**What to do:** Only the lines below from the one containing "g j (broadcast" to the one containing "links such that" should be repeated, both included and unchanged.

------ Data for the task

(* Consider the multi-sender unicast index-coding instance with $N=5$ messages, $K=3$ senders with $\mathcal S_1=\{1,2,3\}$, $\mathcal S_2=\{2,3,4\}$, $\mathcal S_3=\{1,2,4,5\}$, each with link capacity $C_k=1$, and receiver side information $\mathcal A_1=\{4,5\}$, $\mathcal A_2=\{1,3,5\}$, $\mathcal A_3=\{1,2\}$, $\mathcal A_4=\{2,3,5\}$, $\mathcal A_5=\{3\}$. Its capacity region is $$\mathcal C=\left\{(R_1,\dots,R_5)\in\mathbb R_+^5:\begin{array}{l}R_3\le2,\ R_5\le1,\ R_1+R_3\le3,\ R_1+R_5\le2,\ R_4+R_5\le2,\\ R_1+R_2+R_5\le3,\ R_1+R_4+R_5\le3,\ R_2+R_4+R_5\le3,\ R_3+R_4+R_5\le3\end{array}\right\}.$$
   Context: Model. $N$ independent messages $M_1,\dots,M_N$, $M_j$ uniform on $[1:2^{nR_j}]$ ($n$ the block length). Sender $k$ knows the messages $M_i$, $i\in\mathcal S_k$, and sends an index $L_k=f_k((M_i)_{i\in\mathcal S_k})\in[1:2^{nC_k})=\{1,\dots,2^{\lfloor nC_k\rfloor}\}$ over a noiseless broadcast link reaching all receivers. Receiver $j$ knows $M_i$, $i\in\mathcal A_j$, and must output an estimate $\hat M_j=g_j(L_1,\dots,L_K,(M_i)_{i\in\mathcal A_j})$ of $M_j$. A rate tuple is achievable if there exist such codes with $\Pr[(\hat M_1,\dots,\hat M_N)\ne(M_1,\dots,M_N)]\to0$ as $n\to\infty$; the capacity region $\mathcal C$ is the closure of the set of achievable rate tuples. *)

theory Defs
  imports "HOL-Analysis.Analysis"
begin

text \<open>Messages are indexed by 1..N, senders by 1..K.  A rate tuple is a function
  nat => real; only the coordinates 1..N are relevant.
  The index set [1:2^{nR}) is {1, ..., 2^{floor(n R)}}.\<close>

definition idx_set :: "nat \<Rightarrow> real \<Rightarrow> nat set" where
  "idx_set n r = {1..2 ^ nat \<lfloor>real n * r\<rfloor>}"

definition msg_tuples :: "nat \<Rightarrow> nat \<Rightarrow> (nat \<Rightarrow> real) \<Rightarrow> (nat \<Rightarrow> nat) set" where
  "msg_tuples N n R = PiE {1..N} (\<lambda>j. idx_set n (R j))"

text \<open>Encoder of sender k: f k applied to the messages restricted to S k,
  so it depends only on (M_i)_{i in S k}.  Decoder of receiver j: g j applied
  to the vector of broadcast indices (L_1,...,L_K) and to the messages
  restricted to A j.\<close>
definition broadcast ::
  "nat \<Rightarrow> (nat \<Rightarrow> nat set) \<Rightarrow> (nat \<Rightarrow> (nat \<Rightarrow> nat) \<Rightarrow> nat) \<Rightarrow> (nat \<Rightarrow> nat) \<Rightarrow> (nat \<Rightarrow> nat)" where
  "broadcast K S f m = restrict (\<lambda>k. f k (restrict m (S k))) {1..K}"

definition valid_code ::
  "nat \<Rightarrow> nat \<Rightarrow> (nat \<Rightarrow> nat set) \<Rightarrow> (nat \<Rightarrow> real) \<Rightarrow> (nat \<Rightarrow> real) \<Rightarrow> nat
   \<Rightarrow> (nat \<Rightarrow> (nat \<Rightarrow> nat) \<Rightarrow> nat) \<Rightarrow> bool" where
  "valid_code N K S C R n f \<longleftrightarrow>
     (\<forall>k\<in>{1..K}. \<forall>m\<in>msg_tuples N n R. f k (restrict m (S k)) \<in> idx_set n (C k))"

definition error_prob ::
  "nat \<Rightarrow> nat \<Rightarrow> (nat \<Rightarrow> nat set) \<Rightarrow> (nat \<Rightarrow> nat set) \<Rightarrow> (nat \<Rightarrow> real) \<Rightarrow> nat
   \<Rightarrow> (nat \<Rightarrow> (nat \<Rightarrow> nat) \<Rightarrow> nat)
   \<Rightarrow> (nat \<Rightarrow> (nat \<Rightarrow> nat) \<Rightarrow> (nat \<Rightarrow> nat) \<Rightarrow> nat) \<Rightarrow> real" where
  "error_prob N K S A R n f g =
     real (card {m \<in> msg_tuples N n R.
                  \<exists>j\<in>{1..N}. g j (broadcast K S f m) (restrict m (A j)) \<noteq> m j})
     / real (card (msg_tuples N n R))"

definition achievable ::
  "nat \<Rightarrow> nat \<Rightarrow> (nat \<Rightarrow> nat set) \<Rightarrow> (nat \<Rightarrow> nat set) \<Rightarrow> (nat \<Rightarrow> real) \<Rightarrow> (nat \<Rightarrow> real) \<Rightarrow> bool" where
  "achievable N K S A C R \<longleftrightarrow>
     (\<forall>j\<in>{1..N}. R j \<ge> 0) \<and>
     (\<exists>(f :: nat \<Rightarrow> nat \<Rightarrow> (nat \<Rightarrow> nat) \<Rightarrow> nat)
        (g :: nat \<Rightarrow> nat \<Rightarrow> (nat \<Rightarrow> nat) \<Rightarrow> (nat \<Rightarrow> nat) \<Rightarrow> nat).
        (\<forall>n. valid_code N K S C R n (f n)) \<and>
        (\<lambda>n. error_prob N K S A R n (f n) (g n)) \<longlonglongrightarrow> 0)"

text \<open>Capacity region: closure (product topology on nat => real) of the achievable tuples.\<close>
definition capacity_region ::
  "nat \<Rightarrow> nat \<Rightarrow> (nat \<Rightarrow> nat set) \<Rightarrow> (nat \<Rightarrow> nat set) \<Rightarrow> (nat \<Rightarrow> real) \<Rightarrow> (nat \<Rightarrow> real) set" where
  "capacity_region N K S A C = closure {R. achievable N K S A C R}"

end

theory Submission
  imports Defs "HOL-Library.More_List"
begin

text \<open>
  Achievability: the region is the down-closure of the convex hull of nine corner points, each of
  which is attained without error by an explicit code that sends XORs of message bits over one or two
  uses of the links.  Concatenating repetitions of these codes in proportions approximating the convex
  weights (time-sharing) achieves every rate tuple strictly inside the region, hence the region lies
  in the closure of the achievable tuples.

  Converse: for each of the nine inequalities there are a set \<open>X\<close> of messages and a set \<open>s\<close> of
  links such that the links outside \<open>s\<close> only depend on the messages in \<open>X\<close>, while from \<open>X\<close> and the
  links in \<open>s\<close> the remaining receivers can decode one after the other.  A correctly decoded message
  tuple is thus determined by its messages in \<open>X\<close> and the indices on the links in \<open>s\<close>; counting
  shows that a rate tuple violating the inequality forces the error probability towards \<open>1\<close>.
\<close>

section \<open>Bit strings\<close>

definition bits :: "nat \<Rightarrow> (nat \<Rightarrow> bool) set" where
  "bits r = {x. \<forall>i\<ge>r. \<not> x i}"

------------

**Answer section:**
                  \<exists>j\<in>{1..N}. g j (broadcast K S f m) (restrict m (A j)) \<noteq> m j})
     / real (card (msg_tuples N n R))"

definition achievable ::
  "nat \<Rightarrow> nat \<Rightarrow> (nat \<Rightarrow> nat set) \<Rightarrow> (nat \<Rightarrow> nat set) \<Rightarrow> (nat \<Rightarrow> real) \<Rightarrow> (nat \<Rightarrow> real) \<Rightarrow> bool" where
  "achievable N K S A C R \<longleftrightarrow>
     (\<forall>j\<in>{1..N}. R j \<ge> 0) \<and>
     (\<exists>(f :: nat \<Rightarrow> nat \<Rightarrow> (nat \<Rightarrow> nat) \<Rightarrow> nat)
        (g :: nat \<Rightarrow> nat \<Rightarrow> (nat \<Rightarrow> nat) \<Rightarrow> (nat \<Rightarrow> nat) \<Rightarrow> nat).
        (\<forall>n. valid_code N K S C R n (f n)) \<and>
        (\<lambda>n. error_prob N K S A R n (f n) (g n)) \<longlonglongrightarrow> 0)"

text \<open>Capacity region: closure (product topology on nat => real) of the achievable tuples.\<close>
definition capacity_region ::
  "nat \<Rightarrow> nat \<Rightarrow> (nat \<Rightarrow> nat set) \<Rightarrow> (nat \<Rightarrow> nat set) \<Rightarrow> (nat \<Rightarrow> real) \<Rightarrow> (nat \<Rightarrow> real) set" where
  "capacity_region N K S A C = closure {R. achievable N K S A C R}"

end

theory Submission
  imports Defs "HOL-Library.More_List"
begin

text \<open>
  Achievability: the region is the down-closure of the convex hull of nine corner points, each of
  which is attained without error by an explicit code that sends XORs of message bits over one or two
  uses of the links.  Concatenating repetitions of these codes in proportions approximating the convex
  weights (time-sharing) achieves every rate tuple strictly inside the region, hence the region lies
  in the closure of the achievable tuples.

  Converse: for each of the nine inequalities there are a set \<open>X\<close> of messages and a set \<open>s\<close> of
  links such that the links outside \<open>s\<close> only depend on the messages in \<open>X\<close>, while from \<open>X\<close> and the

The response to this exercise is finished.